Op 23 september 2022 heeft de minister de door de ondernemer bedoelde Kamervragen beantwoord.
Daarin staat, kort gezegd, dat ook voor overeenkomsten als de onderhavige het gehele jaarverbruik met de
in dat jaar ingevoede stroom gesaldeerd moet worden. Dat blijkt volgens de minister niet uit de wet, maar
was wel de intentie. De minister zal een verduidelijking van de wettekst bevorderen. In een gelijk geschil
(170327/173374 d.d. 26 september 2022) heeft de ondernemer ter zitting verklaard dat hij zich neerlegt bij
de visie van de minister. Daarbij verklaarde hij dat het de bedoeling was eerst de mening van de minister af
te wachten en zich daarbij neer te leggen.

Aangenomen mag worden dat de ondernemer consequent wil handelen, zodat het voorgaande betekent
dat ook in onderhavige zaak de consument in het gelijk moet worden gesteld.

De volgende vraag zou kunnen zijn hoe er dan afgerekend moet worden. Gelet op het antwoord van de
minister dient eérst de op jaarbasis de hoeveelheid ingevoede en de hoeveelheid onttrokken elektriciteit
tegen elkaar weggestreept te worden. Het aantal kWh dat resteert, onttrokken dan wel ingevoed wordt,
wordt gefactureerd. Op dit moment is niet wettelijk vastgelegd op welke wijze dit dient te gebeuren in een
situatie waarbij het tarief in de factuurperiode varieert. In afwachting van nadere regelgeving op dit punt
zal de commissie aanwijzingen aan de ondernemer geven hoe het aantal kWh dat resteert, onttrokken dan
wel ingevoed, dient te worden gefactureerd in het geval partijen dat niet nader met elkaar zijn
overeengekomen.

Het komt de commissie redelijk en billijk voor dat het aantal kWh dat resteert nadat de op jaarbasis de
hoeveelheid ingevoede en de hoeveelheid onttrokken elektriciteit tegen elkaar zijn weggestreept voor zover
niet voor alle kwartalen eenzelfde invoedingstarief geldt wordt berekend aan de hand van de formule:
• Voor het geval er meer verbruik is dan teruglevering op jaarbasis: het verbruik van een kwartaal,
gedeeld door het totale verbruik op jaarbasis, vermenigvuldigd met het saldo na verrekening op
jaarbasis (= resultaat van de saldering). Het aldus aan een kwartaal toegerekend verbruik wordt
afgerekend tegen het tarief van het betreffende kwartaal;
• Voor het geval er minder verbruik is dan teruglevering op jaarbasis: de ingevoede stroom van een
kwartaal, gedeeld door het totaal van de ingevoede stroom op jaarbasis, vermenigvuldigd met het
saldo na verrekening op jaarbasis (=resultaat van de saldering).

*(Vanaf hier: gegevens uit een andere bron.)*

(* Let $(H,G,\alpha,f)$ and $(H,G,\alpha',f')$ be normalized crossed systems, and write $g\triangleright' h:=\alpha'(g)(h)$. There is a bijection between the set of group homomorphisms $\psi:H\#_\alpha^f G\to H\#_{\alpha'}^{f'}G$ and the set of quadruples $(u,r,v,s)$, where $u:H\to H$, $r:G\to H$, $v:G\to G$ are maps and $s:H\to G$ is a group homomorphism, satisfying for all $g,g_1,g_2\in G$ and $h,h_1,h_2\in H$: (i) $v(g_1)v(g_2)=s(f(g_1,g_2))\,v(g_1g_2)$; (ii) $v(g)s(h)=s(g\triangleright h)\,v(g)$; (iii) $u(h_1h_2)=u(h_1)\big(s(h_1)\triangleright' u(h_2)\big)f'(s(h_1),s(h_2))$; (iv) $u(g\triangleright h)\big(s(g\triangleright h)\triangleright' r(g)\big)f'\big(s(g\triangleright h),v(g)\big)=r(g)\big(v(g)\triangleright' u(h)\big)f'(v(g),s(h))$; (v) $r(g_1)\big(v(g_1)\triangleright' r(g_2)\big)f'(v(g_1),v(g_2))=u(f(g_1,g_2))\big(s(f(g_1,g_2))\triangleright' r(g_1g_2)\big)f'\big(s(f(g_1,g_2)),v(g_1g_2)\big)$. Under this bijection, $\psi$ corresponds to $(u,r,v,s)$ via $$\psi(h,g)=(u(h),s(h))\cdot(r(g),v(g))=\Big(u(h)\big(s(h)\triangleright' r(g)\big)f'(s(h),v(g)),\ s(h)v(g)\Big),$$ and every such quadruple satisfies $u(1)=1$, $v(1)=1$, $r(1)=1$.
   Context: For groups $H,G$ and a map $\alpha:G\to\mathrm{Aut}(H)$ write $g\triangleright h:=\alpha(g)(h)$. A normalized crossed system is a quadruple $(H,G,\alpha,f)$ with maps $\alpha:G\to\mathrm{Aut}(H)$, $f:G\times G\to H$, $f(1,1)=1$, such that for all $g_1,g_2,g_3\in G$, $h\in H$: (WA) $g_1\triangleright(g_2\triangleright h)=f(g_1,g_2)\big((g_1g_2)\triangleright h\big)f(g_1,g_2)^{-1}$ and (CC) $f(g_1,g_2)f(g_1g_2,g_3)=\big(g_1\triangleright f(g_2,g_3)\big)f(g_1,g_2g_3)$. The crossed product $H\#_\alpha^f G$ is the group on the set $H\times G$ with multiplication $(h_1,g_1)\cdot(h_2,g_2)=\big(h_1(g_1\triangleright h_2)f(g_1,g_2),g_1g_2\big)$ and unit $(1,1)$. *)

theory Defs
  imports "HOL-Algebra.Group" "HOL-Library.FuncSet"
begin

De aldus aan een bepaald
kwartaal toegerekende invoeding wordt afgerekend tegen het invoedingstarief van dat kwartaal.
Op grond van het voorgaande is de commissie van oordeel dat dit onderdeel van de klacht gegrond is. Aan
consument dient als de grotendeels in het gelijk gestelde partij het klachtengeld vergoed te worden.

Derhalve wordt als volgt beslist.

Beslissing
De ondernemer stelt een nieuwe jaarnota voor de consument op langs de lijnen als hiervoor uiteengezet.
Het meer of anders gevorderde wordt afgewezen.

Bovendien dient de ondernemer overeenkomstig het reglement van de commissie een bedrag van € 52,50
aan de consument te vergoeden ter zake van het klachtengeld.

Overeenkomstig het reglement van de commissie is de ondernemer aan de commissie behandelingskosten
verschuldigd.

Aldus beslist door de Geschillencommissie Energie, bestaande uit de heer mr. D.P.C.M. Hellegers,
voorzitter, de heer R.A. Timmer, de heer drs. L. van Rootselaar, leden, op 28 november 2022.